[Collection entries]
+ + + + + + +
lemma delta_mult: "delta k (f * g) = delta k f * g + f * delta k g"
  by (simp add: fps_ext fps_mult_nth pdiff_sum pdiff_mult sum.distrib)

lemma delta_of_int [simp]: "delta k (of_int z) = 0"
  by (simp add: fps_ext fps_of_int)

lemma delta_one [simp]: "delta k 1 = 0"
  using delta_of_int[of k 1] by simp

lemma delta_of_nat [simp]: "delta k (of_nat n) = 0"
  using delta_of_int[of k "int n"] by simp

lemma delta_minus_one_power [simp]: "delta k ((-1) ^ n) = 0"
  using delta_of_int[of k "(-1) ^ n"] by simp

lemma delta_Hpow:
  assumes "odd k" "3 \<le> k" "1 \<le> i"
  shows "delta k (Hpow i) =
    (if i < k then (-1) ^ i * of_nat ((k - 1) choose (i - 1)) * fps_X ^ (k - i) else 0)"
proof -
  have "(-1) ^ i * of_nat ((k - 1) choose (i - 1)) =
      fps_const ((-1) ^ i * of_nat ((k - 1) choose (i - 1)) :: qpoly)"
    by (simp flip: fps_of_nat fps_const_mult fps_const_power fps_const_neg)
  then show ?thesis
    using assms by (auto simp: fps_eq_iff Hpow_def pdiff_mult pdiff_zeta_a fps_X_power_mult_right_nth)
qed

lemma of_nat_mult_fps_const_inverse:
  "n \<noteq> 0 \<Longrightarrow> of_nat n * fps_const (qconst (1 / of_nat n)) = (1 :: qpoly fps)"
  by (simp add: qconst_def mult_single flip: fps_of_nat single_of_nat)

declare Helem.simps [simp del]

lemma Helem_0 [simp]: "Helem 0 = 1"
  by (simp add: Helem.simps)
+ + + + + + +
§ **What to work on**
Find each line of the data above that holds the word "flip", then copy it.

§ **Result for this exercise**
    by (simp flip: fps_of_nat fps_const_mult fps_const_power fps_const_neg)
  by (simp add: qconst_def mult_single flip: fps_of_nat single_of_nat)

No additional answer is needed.